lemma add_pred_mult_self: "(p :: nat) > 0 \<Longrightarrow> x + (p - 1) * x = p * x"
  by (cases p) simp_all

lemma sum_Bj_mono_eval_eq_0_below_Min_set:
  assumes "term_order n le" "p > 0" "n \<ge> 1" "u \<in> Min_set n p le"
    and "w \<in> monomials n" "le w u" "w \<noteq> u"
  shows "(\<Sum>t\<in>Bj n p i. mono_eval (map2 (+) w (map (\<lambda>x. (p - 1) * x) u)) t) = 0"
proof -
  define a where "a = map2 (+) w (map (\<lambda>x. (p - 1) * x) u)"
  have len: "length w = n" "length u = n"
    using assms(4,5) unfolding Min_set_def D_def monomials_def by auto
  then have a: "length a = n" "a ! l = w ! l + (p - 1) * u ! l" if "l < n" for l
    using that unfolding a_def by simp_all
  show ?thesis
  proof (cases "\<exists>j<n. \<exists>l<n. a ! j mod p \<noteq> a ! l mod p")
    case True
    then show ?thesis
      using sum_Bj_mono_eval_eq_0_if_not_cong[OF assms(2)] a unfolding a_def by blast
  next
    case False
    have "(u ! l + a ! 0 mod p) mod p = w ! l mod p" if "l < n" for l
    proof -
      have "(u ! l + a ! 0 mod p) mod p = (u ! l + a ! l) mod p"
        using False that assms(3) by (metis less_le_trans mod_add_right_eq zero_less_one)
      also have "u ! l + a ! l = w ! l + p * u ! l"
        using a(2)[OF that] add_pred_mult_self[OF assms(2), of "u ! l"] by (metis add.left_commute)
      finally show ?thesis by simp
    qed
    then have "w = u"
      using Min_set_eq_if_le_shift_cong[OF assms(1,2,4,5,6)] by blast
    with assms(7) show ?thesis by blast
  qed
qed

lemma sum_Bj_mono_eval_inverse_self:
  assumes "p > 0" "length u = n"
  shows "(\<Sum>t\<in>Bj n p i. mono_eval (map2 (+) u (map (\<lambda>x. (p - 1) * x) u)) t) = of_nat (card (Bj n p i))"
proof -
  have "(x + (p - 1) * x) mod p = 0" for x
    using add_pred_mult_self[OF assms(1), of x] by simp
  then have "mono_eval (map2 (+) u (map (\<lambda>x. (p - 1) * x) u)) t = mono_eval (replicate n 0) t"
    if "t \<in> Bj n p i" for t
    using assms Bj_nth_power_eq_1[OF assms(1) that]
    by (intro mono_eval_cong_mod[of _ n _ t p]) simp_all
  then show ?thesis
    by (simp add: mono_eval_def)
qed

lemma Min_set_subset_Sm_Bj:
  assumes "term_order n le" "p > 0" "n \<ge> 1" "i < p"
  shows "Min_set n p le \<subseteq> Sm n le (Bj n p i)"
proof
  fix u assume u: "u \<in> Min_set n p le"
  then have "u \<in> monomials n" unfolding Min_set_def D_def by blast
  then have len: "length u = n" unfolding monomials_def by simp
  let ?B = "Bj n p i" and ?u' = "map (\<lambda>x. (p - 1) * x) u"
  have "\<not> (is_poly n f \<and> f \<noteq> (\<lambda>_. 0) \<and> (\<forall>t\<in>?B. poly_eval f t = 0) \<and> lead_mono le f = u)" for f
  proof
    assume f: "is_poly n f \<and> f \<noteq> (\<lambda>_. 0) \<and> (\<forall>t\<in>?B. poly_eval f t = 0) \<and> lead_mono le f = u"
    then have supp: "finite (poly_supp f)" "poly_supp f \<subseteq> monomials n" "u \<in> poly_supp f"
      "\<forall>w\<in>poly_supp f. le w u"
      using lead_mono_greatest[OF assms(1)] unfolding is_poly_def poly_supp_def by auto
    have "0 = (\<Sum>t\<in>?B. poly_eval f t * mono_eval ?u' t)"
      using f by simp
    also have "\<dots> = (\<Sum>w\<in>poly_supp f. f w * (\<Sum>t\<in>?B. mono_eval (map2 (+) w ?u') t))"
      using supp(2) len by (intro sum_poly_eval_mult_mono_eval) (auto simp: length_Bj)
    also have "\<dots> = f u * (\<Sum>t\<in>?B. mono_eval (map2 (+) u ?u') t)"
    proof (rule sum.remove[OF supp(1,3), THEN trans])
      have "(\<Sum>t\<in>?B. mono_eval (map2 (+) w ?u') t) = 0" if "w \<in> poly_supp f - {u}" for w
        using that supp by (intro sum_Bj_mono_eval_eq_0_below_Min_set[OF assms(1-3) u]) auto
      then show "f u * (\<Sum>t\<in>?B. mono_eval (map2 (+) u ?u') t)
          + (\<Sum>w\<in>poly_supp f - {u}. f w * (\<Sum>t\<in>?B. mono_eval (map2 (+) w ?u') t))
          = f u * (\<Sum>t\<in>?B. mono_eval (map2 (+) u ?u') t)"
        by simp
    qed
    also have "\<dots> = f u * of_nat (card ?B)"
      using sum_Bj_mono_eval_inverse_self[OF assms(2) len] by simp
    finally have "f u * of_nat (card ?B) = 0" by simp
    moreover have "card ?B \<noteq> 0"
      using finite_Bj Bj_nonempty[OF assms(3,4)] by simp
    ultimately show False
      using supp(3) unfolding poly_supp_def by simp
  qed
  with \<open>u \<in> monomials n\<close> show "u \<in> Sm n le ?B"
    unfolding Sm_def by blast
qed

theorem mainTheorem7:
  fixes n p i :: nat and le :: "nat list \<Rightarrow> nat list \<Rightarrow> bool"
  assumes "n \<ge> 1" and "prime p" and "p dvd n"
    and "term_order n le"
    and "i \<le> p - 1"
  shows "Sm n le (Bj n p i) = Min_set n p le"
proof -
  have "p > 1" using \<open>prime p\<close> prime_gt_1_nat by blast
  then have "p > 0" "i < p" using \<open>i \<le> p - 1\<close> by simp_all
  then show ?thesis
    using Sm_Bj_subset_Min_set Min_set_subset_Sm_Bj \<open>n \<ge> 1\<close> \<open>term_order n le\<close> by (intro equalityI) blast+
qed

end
────────────────
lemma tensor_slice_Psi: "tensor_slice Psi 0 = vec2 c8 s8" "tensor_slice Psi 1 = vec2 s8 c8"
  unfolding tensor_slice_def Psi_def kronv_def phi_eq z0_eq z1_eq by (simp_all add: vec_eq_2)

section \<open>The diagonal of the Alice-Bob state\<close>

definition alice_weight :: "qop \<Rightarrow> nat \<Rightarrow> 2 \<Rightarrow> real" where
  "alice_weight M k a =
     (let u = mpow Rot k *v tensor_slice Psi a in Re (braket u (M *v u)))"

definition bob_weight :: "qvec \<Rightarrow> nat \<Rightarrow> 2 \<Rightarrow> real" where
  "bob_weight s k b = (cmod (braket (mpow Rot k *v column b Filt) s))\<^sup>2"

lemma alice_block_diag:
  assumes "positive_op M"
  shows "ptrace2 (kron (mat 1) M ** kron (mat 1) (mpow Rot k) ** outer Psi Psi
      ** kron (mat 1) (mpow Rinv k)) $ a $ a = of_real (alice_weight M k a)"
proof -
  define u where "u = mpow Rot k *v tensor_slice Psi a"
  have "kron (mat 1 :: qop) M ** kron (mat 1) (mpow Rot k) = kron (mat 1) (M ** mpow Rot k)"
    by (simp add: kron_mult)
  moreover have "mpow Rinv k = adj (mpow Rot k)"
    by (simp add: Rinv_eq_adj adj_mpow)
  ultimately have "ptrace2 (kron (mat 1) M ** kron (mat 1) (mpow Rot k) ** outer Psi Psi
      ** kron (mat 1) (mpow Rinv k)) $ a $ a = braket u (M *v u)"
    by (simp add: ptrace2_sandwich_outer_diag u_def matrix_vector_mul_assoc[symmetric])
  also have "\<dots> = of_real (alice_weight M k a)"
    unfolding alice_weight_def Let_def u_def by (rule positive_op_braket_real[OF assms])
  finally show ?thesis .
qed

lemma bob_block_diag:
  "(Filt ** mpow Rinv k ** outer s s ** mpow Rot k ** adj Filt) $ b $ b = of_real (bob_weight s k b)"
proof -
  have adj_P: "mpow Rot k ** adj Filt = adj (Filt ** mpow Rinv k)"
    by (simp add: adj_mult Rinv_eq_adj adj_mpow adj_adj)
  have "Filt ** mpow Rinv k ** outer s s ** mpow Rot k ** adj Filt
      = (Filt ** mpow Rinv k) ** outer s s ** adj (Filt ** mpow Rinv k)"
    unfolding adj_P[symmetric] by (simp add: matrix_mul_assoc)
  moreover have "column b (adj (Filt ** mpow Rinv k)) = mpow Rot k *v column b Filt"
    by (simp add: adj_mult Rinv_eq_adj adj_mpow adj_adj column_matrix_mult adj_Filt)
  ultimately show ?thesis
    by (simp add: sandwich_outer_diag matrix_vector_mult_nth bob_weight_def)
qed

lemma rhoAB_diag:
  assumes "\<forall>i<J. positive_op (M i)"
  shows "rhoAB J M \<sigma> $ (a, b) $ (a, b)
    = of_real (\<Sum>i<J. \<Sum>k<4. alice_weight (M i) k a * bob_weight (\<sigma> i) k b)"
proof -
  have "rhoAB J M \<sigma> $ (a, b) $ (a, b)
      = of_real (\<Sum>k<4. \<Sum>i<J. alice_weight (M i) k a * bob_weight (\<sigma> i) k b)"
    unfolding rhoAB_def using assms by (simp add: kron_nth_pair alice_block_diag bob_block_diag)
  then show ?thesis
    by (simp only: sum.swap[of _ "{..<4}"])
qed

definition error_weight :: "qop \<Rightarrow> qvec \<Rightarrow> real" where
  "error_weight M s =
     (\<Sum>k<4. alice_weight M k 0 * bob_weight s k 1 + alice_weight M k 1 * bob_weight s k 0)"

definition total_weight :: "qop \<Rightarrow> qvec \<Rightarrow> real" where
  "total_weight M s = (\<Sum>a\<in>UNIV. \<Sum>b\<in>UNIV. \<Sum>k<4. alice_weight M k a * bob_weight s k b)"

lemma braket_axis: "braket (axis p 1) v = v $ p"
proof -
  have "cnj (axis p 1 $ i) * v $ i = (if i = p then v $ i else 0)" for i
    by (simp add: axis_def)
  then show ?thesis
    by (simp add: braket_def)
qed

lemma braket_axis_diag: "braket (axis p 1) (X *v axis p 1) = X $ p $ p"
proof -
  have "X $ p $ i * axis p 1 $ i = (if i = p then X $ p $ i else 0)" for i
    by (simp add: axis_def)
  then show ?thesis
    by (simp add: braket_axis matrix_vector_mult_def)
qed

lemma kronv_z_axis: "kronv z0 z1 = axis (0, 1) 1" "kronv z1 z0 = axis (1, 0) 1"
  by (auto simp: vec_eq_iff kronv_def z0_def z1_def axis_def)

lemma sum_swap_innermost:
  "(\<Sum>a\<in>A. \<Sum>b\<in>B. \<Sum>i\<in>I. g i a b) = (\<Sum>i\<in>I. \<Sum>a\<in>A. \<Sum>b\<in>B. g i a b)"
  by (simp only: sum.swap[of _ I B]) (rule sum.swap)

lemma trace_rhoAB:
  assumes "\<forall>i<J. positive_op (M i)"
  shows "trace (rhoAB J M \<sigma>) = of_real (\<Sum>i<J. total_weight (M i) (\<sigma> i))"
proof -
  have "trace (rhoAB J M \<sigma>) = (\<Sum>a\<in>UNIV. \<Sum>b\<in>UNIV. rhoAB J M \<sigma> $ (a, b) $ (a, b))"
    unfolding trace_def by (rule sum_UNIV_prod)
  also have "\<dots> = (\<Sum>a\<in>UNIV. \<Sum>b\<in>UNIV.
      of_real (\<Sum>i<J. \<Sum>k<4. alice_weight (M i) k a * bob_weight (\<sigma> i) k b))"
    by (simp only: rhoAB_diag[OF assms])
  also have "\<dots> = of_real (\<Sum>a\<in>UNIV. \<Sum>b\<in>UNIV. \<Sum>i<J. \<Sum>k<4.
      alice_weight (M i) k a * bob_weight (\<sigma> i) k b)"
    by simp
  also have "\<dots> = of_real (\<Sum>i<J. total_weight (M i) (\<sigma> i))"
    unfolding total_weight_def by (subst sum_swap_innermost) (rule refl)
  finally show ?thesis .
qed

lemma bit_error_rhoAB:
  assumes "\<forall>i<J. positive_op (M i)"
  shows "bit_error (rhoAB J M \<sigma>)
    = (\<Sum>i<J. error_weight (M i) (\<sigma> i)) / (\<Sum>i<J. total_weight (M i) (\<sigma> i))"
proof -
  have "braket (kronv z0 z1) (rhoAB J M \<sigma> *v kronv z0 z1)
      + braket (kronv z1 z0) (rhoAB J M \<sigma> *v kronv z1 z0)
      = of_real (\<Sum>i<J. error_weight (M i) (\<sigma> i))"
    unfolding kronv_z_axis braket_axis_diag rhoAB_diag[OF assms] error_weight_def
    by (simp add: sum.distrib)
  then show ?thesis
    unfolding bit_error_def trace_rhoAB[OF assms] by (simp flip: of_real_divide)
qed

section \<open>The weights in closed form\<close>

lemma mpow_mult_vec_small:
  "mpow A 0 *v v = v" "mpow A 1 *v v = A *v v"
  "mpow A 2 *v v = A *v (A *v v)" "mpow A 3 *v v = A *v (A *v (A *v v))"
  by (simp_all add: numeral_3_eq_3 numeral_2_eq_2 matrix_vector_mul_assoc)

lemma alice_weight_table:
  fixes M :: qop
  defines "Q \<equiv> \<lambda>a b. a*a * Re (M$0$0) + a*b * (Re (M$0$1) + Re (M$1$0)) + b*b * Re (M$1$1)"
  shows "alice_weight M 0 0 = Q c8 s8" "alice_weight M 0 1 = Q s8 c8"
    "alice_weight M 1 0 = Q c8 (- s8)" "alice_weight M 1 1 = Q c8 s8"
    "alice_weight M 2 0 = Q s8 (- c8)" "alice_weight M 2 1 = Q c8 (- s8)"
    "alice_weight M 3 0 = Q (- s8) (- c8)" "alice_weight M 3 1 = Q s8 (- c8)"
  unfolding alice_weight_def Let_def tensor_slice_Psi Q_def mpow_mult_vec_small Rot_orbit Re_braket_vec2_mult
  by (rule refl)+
────────────────
▶ _ASSIGNMENT_: Begin at the line above that has "Psi 0 = vec2" and stop after the line that has "by (simp add: Rinv_eq_adj adj_mpow)", copying each line exactly and adding nothing else.

▶ _RESULT OF THE TASK_:
lemma tensor_slice_Psi: "tensor_slice Psi 0 = vec2 c8 s8" "tensor_slice Psi 1 = vec2 s8 c8"
  unfolding tensor_slice_def Psi_def kronv_def phi_eq z0_eq z1_eq by (simp_all add: vec_eq_2)

section \<open>The diagonal of the Alice-Bob state\<close>

definition alice_weight :: "qop \<Rightarrow> nat \<Rightarrow> 2 \<Rightarrow> real" where
  "alice_weight M k a =
     (let u = mpow Rot k *v tensor_slice Psi a in Re (braket u (M *v u)))"

definition bob_weight :: "qvec \<Rightarrow> nat \<Rightarrow> 2 \<Rightarrow> real" where
  "bob_weight s k b = (cmod (braket (mpow Rot k *v column b Filt) s))\<^sup>2"

lemma alice_block_diag:
  assumes "positive_op M"
  shows "ptrace2 (kron (mat 1) M ** kron (mat 1) (mpow Rot k) ** outer Psi Psi
      ** kron (mat 1) (mpow Rinv k)) $ a $ a = of_real (alice_weight M k a)"
proof -
  define u where "u = mpow Rot k *v tensor_slice Psi a"
  have "kron (mat 1 :: qop) M ** kron (mat 1) (mpow Rot k) = kron (mat 1) (M ** mpow Rot k)"
    by (simp add: kron_mult)
  moreover have "mpow Rinv k = adj (mpow Rot k)"
    by (simp add: Rinv_eq_adj adj_mpow)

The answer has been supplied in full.